Start of Block
lemma sin_ge_cubic:
  fixes x :: real
  assumes "0 \<le> x"
  shows "x - x ^ 3 / 6 \<le> sin x"
proof -
  have "(\<Sum>m<3. sin_coeff m * x ^ m) = x"
    by (simp add: sin_coeff_def numeral_3_eq_3 lessThan_Suc)
  then have "\<bar>sin x - x\<bar> \<le> inverse (fact 3) * \<bar>x\<bar> ^ 3"
    using Maclaurin_sin_bound[of x 3] by simp
  then have "\<bar>sin x - x\<bar> \<le> x ^ 3 / 6" using assms by (simp add: fact_numeral)
  then show ?thesis unfolding abs_le_iff by linarith
qed

lemma cos_le_cos_between:
  assumes "0 \<le> a" "a \<le> t" "t \<le> 2 * pi - a"
  shows "cos t \<le> cos a"
proof (cases "t \<le> pi")
  case True
  then show ?thesis using assms by (intro cos_monotone_0_pi_le) auto
next
  case False
  then have "cos (2 * pi - t) \<le> cos a" using assms by (intro cos_monotone_0_pi_le) auto
  then show ?thesis by (simp add: cos_diff)
qed

lemma tendsto_div_of_bounded_deviation:
  fixes a :: "nat \<Rightarrow> real"
  assumes "eventually (\<lambda>n. \<bar>a n - c * real n\<bar> \<le> B) sequentially"
  shows "(\<lambda>n. a n / real n) \<longlonglongrightarrow> c"
proof -
  have "eventually (\<lambda>n. norm (a n / real n - c) \<le> B / real n) sequentially"
    using assms eventually_gt_at_top[of 0]
  proof eventually_elim
    case (elim n)
    then have "a n / real n - c = (a n - c * real n) / real n" by (simp add: field_simps)
    with elim show ?case by (simp add: abs_divide divide_right_mono)
  qed
  moreover have "(\<lambda>n. B / real n) \<longlonglongrightarrow> 0"
    by (rule lim_const_over_n)
  ultimately have "(\<lambda>n. a n / real n - c) \<longlonglongrightarrow> 0" by (rule Lim_null_comparison)
  then show ?thesis by (rule LIM_zero_cancel)
qed

section \<open>The reciprocal equation\<close>

lemma poly_trinom: "0 < d \<Longrightarrow> poly (trinom d) z = z ^ d - z ^ (d - 1) - 1"
  by (simp add: trinom_def poly_monom)

lemma trinom_ne_0: "0 < d \<Longrightarrow> trinom d \<noteq> 0"
proof
  assume "0 < d" "trinom d = 0"
  then have "poly (trinom d) 0 = 0" by simp
  with \<open>0 < d\<close> show False by (simp add: poly_trinom power_0_left split: if_splits)
qed

lemma degree_trinom_le: "degree (trinom d) \<le> d"
  unfolding trinom_def
  by (intro degree_diff_le) (auto intro: order.trans[OF degree_monom_le])

definition reciprocal_roots :: "nat \<Rightarrow> complex set" where
  "reciprocal_roots d = {w. w ^ d = 1 - w}"

lemma zero_notin_reciprocal_roots: "0 < d \<Longrightarrow> 0 \<notin> reciprocal_roots d"
  by (cases d) (auto simp: reciprocal_roots_def)

lemma trinom_root_inverse_iff:
  assumes "0 < d" "w \<noteq> 0"
  shows "poly (trinom d) (inverse w) = 0 \<longleftrightarrow> w ^ d = 1 - w"
proof -
  obtain m where m: "d = Suc m" using assms(1) by (cases d) auto
  have "w ^ d * poly (trinom d) (inverse w)
      = (w * inverse w) ^ d - w * (w * inverse w) ^ m - w ^ d"
    by (simp add: poly_trinom m power_mult_distrib algebra_simps)
  also have "\<dots> = 1 - w - w ^ d" using assms(2) by simp
  finally have eq: "w ^ d * poly (trinom d) (inverse w) = 1 - w - w ^ d" .
  have "w ^ d \<noteq> 0" using assms(2) by simp
  then have "poly (trinom d) (inverse w) = 0 \<longleftrightarrow> 1 - w - w ^ d = 0"
    using eq by (metis mult_eq_0_iff)
  also have "\<dots> \<longleftrightarrow> w ^ d = 1 - w" by auto
  finally show ?thesis .
qed

lemma trinom_roots_eq_inverse_image:
  assumes "0 < d"
  shows "{z. poly (trinom d) z = 0} = inverse ` reciprocal_roots d"
proof (intro set_eqI iffI)
  fix z assume z: "z \<in> {z. poly (trinom d) z = 0}"
  have "poly (trinom d) 0 \<noteq> 0"
    using assms by (simp add: poly_trinom power_0_left split: if_splits)
  with z have "z \<noteq> 0" by auto
  with z have "inverse z \<in> reciprocal_roots d"
    using trinom_root_inverse_iff[OF assms, of "inverse z"] by (simp add: reciprocal_roots_def)
  then show "z \<in> inverse ` reciprocal_roots d"
    by (intro image_eqI[where x = "inverse z"]) simp_all
next
  fix z assume "z \<in> inverse ` reciprocal_roots d"
  then obtain w where w: "w \<in> reciprocal_roots d" "z = inverse w" by blast
  moreover have "w \<noteq> 0" using w zero_notin_reciprocal_roots[OF assms] by auto
  ultimately show "z \<in> {z. poly (trinom d) z = 0}"
    using trinom_root_inverse_iff[OF assms] by (simp add: reciprocal_roots_def)
qed

lemma finite_reciprocal_roots:
  assumes "0 < d"
  shows "finite (reciprocal_roots d)"
proof -
  have "finite (inverse ` reciprocal_roots d)"
    using poly_roots_finite[OF trinom_ne_0[OF assms]]
    by (simp only: trinom_roots_eq_inverse_image[OF assms])
  then show ?thesis by (rule finite_imageD) (rule inj_on_inverse)
qed

lemma card_reciprocal_roots_le:
  assumes "0 < d"
  shows "card (reciprocal_roots d) \<le> d"
proof -
  have "card (reciprocal_roots d) = card {z. poly (trinom d) z = 0}"
    by (simp add: trinom_roots_eq_inverse_image[OF assms] card_image inj_on_inverse)
  also have "\<dots> \<le> d"
    using card_poly_roots_bound[OF trinom_ne_0[OF assms]] degree_trinom_le by (rule order.trans)
  finally show ?thesis .
qed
End of Block
== Work instructions ==
Only the lines from the one containing "B / real n) \<longlonglongrightarrow>" through the one containing "d \<Longrightarrow> poly" are to be retyped, both boundary lines included, with no other material.

== Task result ==
  moreover have "(\<lambda>n. B / real n) \<longlonglongrightarrow> 0"
    by (rule lim_const_over_n)
  ultimately have "(\<lambda>n. a n / real n - c) \<longlonglongrightarrow> 0" by (rule Lim_null_comparison)
  then show ?thesis by (rule LIM_zero_cancel)
qed

section \<open>The reciprocal equation\<close>

lemma poly_trinom: "0 < d \<Longrightarrow> poly (trinom d) z = z ^ d - z ^ (d - 1) - 1"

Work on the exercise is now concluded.